If you ever want to have XXXXX as your friend, then you need to be one to her. She is not crazy, and she walks away from conflict unless she is trapped. Stop telling people negative things about her, and give them time to get to know her. I got to know her, and she is nothing like you said that she is.
I am so proud of her for doing what is right, and she is so hurt that you refuse to. He hurt both of us, and you continue to protect, and defend him. We both deserved better than that, especially from you.
This all began over his pettiness, but your alcohol consumption, and medications have played a huge part in it. Something that you are mixing with the alcohol has made you change. We have tried to talk to you about it since October, but the situation seems to be getting worse.
Your therapist seems to be a big part of the problem. May I suggest you try this one?
The bottom line is that you have not been a friend to either one of us, even though we have been one to you.

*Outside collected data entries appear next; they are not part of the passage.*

lemma ket0_L2 [simp]: "ket0 s \<in> L2"
proof (cases s)
  case None
  then have "ket0 s = (\<lambda>x. complex_of_real (2 powr (-1/2))
      * (- complex_of_real (sqrt 2) * chi [False] x + complex_of_real (sqrt 2) * chi [True] x))"
    by (simp add: fun_eq_iff e0eps_def e1eps_def)
  then show ?thesis
    by (simp add: L2_cmult L2_diff)
next
  case (Some w)
  then have "ket0 s = (\<lambda>x. complex_of_real (2 powr (-1/2)) * (evec (False # w) x - evec (True # w) x))"
    by (simp add: fun_eq_iff)
  then show ?thesis
    by (simp add: L2_cmult L2_diff)
qed

definition prepend_diff :: "(seq \<Rightarrow> complex) \<Rightarrow> seq \<Rightarrow> complex" where
  "prepend_diff \<phi> x = (\<phi> (prepend False x) - \<phi> (prepend True x)) / 2"

lemma prepend_diff_L2: "\<phi> \<in> L2 \<Longrightarrow> prepend_diff \<phi> \<in> L2"
  unfolding prepend_diff_def[abs_def] by (intro L2_divide L2_diff L2_prepend)

lemma commBBdag_prepend: "commBBdag \<phi> (prepend b y) = bit_sign b / 2 * prepend_diff \<phi> y"
  using two_commBBdag[of \<phi> "prepend b y"]
  by (cases b) (simp_all add: bit_sign_def prepend_diff_def ruelle_def field_simps)

lemma inner_ket0:
  assumes "\<phi> \<in> L2"
  shows "inner_L2 \<phi> (ket0 s) = haar_coeff (prepend_diff \<phi>) s"
proof -
  have halves: "(\<lambda>x. ket0 s (prepend b x)) = (\<lambda>x. bit_sign b * haar s x)" for b
    by (intro ext ket0_prepend)
  have "inner_L2 \<phi> (ket0 s) = (inner_L2 (\<lambda>x. \<phi> (prepend False x)) (\<lambda>x. ket0 s (prepend False x))
      + inner_L2 (\<lambda>x. \<phi> (prepend True x)) (\<lambda>x. ket0 s (prepend True x))) / 2"
    by (rule inner_L2_prepend[OF assms ket0_L2])
  also have "\<dots>
      = (inner_L2 (\<lambda>x. \<phi> (prepend False x)) (haar s) - inner_L2 (\<lambda>x. \<phi> (prepend True x)) (haar s)) / 2"
    by (simp only: halves inner_L2_cmult_right) (simp add: bit_sign_def)
  also have "\<dots> = haar_coeff (prepend_diff \<phi>) s"
    unfolding haar_coeff_def prepend_diff_def inner_L2_divide_left
    by (simp only: inner_L2_diff_left[OF L2_prepend[OF assms] L2_prepend[OF assms] haar_L2])
  finally show ?thesis .
qed

lemma dist_commBBdag_ket0_sum:
  assumes "\<phi> \<in> L2"
  shows "dist_L2_sq (commBBdag \<phi>) (\<lambda>x. (1/2) * (\<Sum>w\<in>F. inner_L2 \<phi> (ket0 w) * ket0 w x))
    = sqnorm (\<lambda>x. prepend_diff \<phi> x - haar_partial F (prepend_diff \<phi>) x) / 4"
proof -
  let ?D = "\<lambda>x. commBBdag \<phi> x - (1/2) * (\<Sum>w\<in>F. inner_L2 \<phi> (ket0 w) * ket0 w x)"
  let ?r = "\<lambda>x. prepend_diff \<phi> x - haar_partial F (prepend_diff \<phi>) x"
  have "(\<lambda>x. ?D (prepend b x)) = (\<lambda>x. bit_sign b / 2 * ?r x)" for b
    using assms by (simp add: fun_eq_iff commBBdag_prepend inner_ket0 ket0_prepend haar_partial_def
        sum_distrib_left right_diff_distrib mult_ac)
  then have "sqnorm (\<lambda>x. ?D (prepend b x)) = (cmod (bit_sign b / 2))\<^sup>2 * sqnorm ?r" for b
    by (simp only: sqnorm_cmult)
  then have half: "sqnorm (\<lambda>x. ?D (prepend b x)) = sqnorm ?r / 4" for b
    by (cases b) (simp_all add: bit_sign_def norm_divide power2_eq_square)
  have "?D \<in> L2"
    using commBBdag_L2[OF assms] by (intro L2_diff L2_cmult L2_sum ket0_L2)
  have "dist_L2_sq (commBBdag \<phi>) (\<lambda>x. (1/2) * (\<Sum>w\<in>F. inner_L2 \<phi> (ket0 w) * ket0 w x)) = sqnorm ?D"
    by (simp add: dist_L2_sq_def sqnorm_def)
  also have "\<dots> = (sqnorm (\<lambda>x. ?D (prepend False x)) + sqnorm (\<lambda>x. ?D (prepend True x))) / 2"
    by (rule sqnorm_prepend[OF \<open>?D \<in> L2\<close>])
  also have "\<dots> = sqnorm ?r / 4"
    by (simp only: half) simp
  finally show ?thesis .
qed

theorem proposition3p5:
  shows "(\<forall>\<phi>\<in>L2.
            ((\<lambda>F. dist_L2_sq (commBBdag \<phi>)
                  (\<lambda>x. (1/2) * (\<Sum>w\<in>F. inner_L2 \<phi> (ket0 w) * ket0 w x)))
              \<longlongrightarrow> 0) (finite_subsets_at_top UNIV))
       \<and> (\<forall>\<phi>\<in>L2.
            (\<lambda>x. 2 * commBBdag \<phi> x) \<in> L2
          \<and> (AE x in mu. ruelle (\<lambda>y. 2 * commBBdag \<phi> y) x = 0)
          \<and> (\<forall>g\<in>L2. (AE x in mu. ruelle g x = 0) \<longrightarrow>
                inner_L2 (\<lambda>x. \<phi> x - 2 * commBBdag \<phi> x) g = 0))"
proof (intro conjI ballI impI)
  fix \<phi>
  assume "\<phi> \<in> L2"
  show "((\<lambda>F. dist_L2_sq (commBBdag \<phi>) (\<lambda>x. (1/2) * (\<Sum>w\<in>F. inner_L2 \<phi> (ket0 w) * ket0 w x)))
      \<longlongrightarrow> 0) (finite_subsets_at_top UNIV)"
    unfolding dist_commBBdag_ket0_sum[OF \<open>\<phi> \<in> L2\<close>]
    using tendsto_divide[OF haar_partial_tendsto[OF prepend_diff_L2[OF \<open>\<phi> \<in> L2\<close>]] tendsto_const, of 4]
    by simp
next
  fix \<phi> g
  assume \<phi>: "\<phi> \<in> L2"
  then show "(\<lambda>x. 2 * commBBdag \<phi> x) \<in> L2"
    by (intro L2_cmult commBBdag_L2)
  show "AE x in mu. ruelle (\<lambda>y. 2 * commBBdag \<phi> y) x = 0"
    by (simp add: ruelle_two_commBBdag)
  assume "g \<in> L2" "AE x in mu. ruelle g x = 0"
  then show "inner_L2 (\<lambda>x. \<phi> x - 2 * commBBdag \<phi> x) g = 0"
    using \<phi> by (simp add: two_commBBdag inner_koopman_ruelle[OF ruelle_L2] inner_L2_AE_zero_right)
qed

end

You have ignored everything that we have said, and neither one of us trusts you anymore.
There are several people that have decided that lying about what they’ve witnessed is the best route to take, that’s their problem. The truth is in the tapes at the bar. Our version has not changed, because it is the truth!
Trust is a big issue, and you broke that by not listening to us, and by hurtful things that you have said. Instead you prefer to bury your head in the sand. I hope you get your shit together soon, because you have made some very bad choices, and your friends/friendships have suffered for it.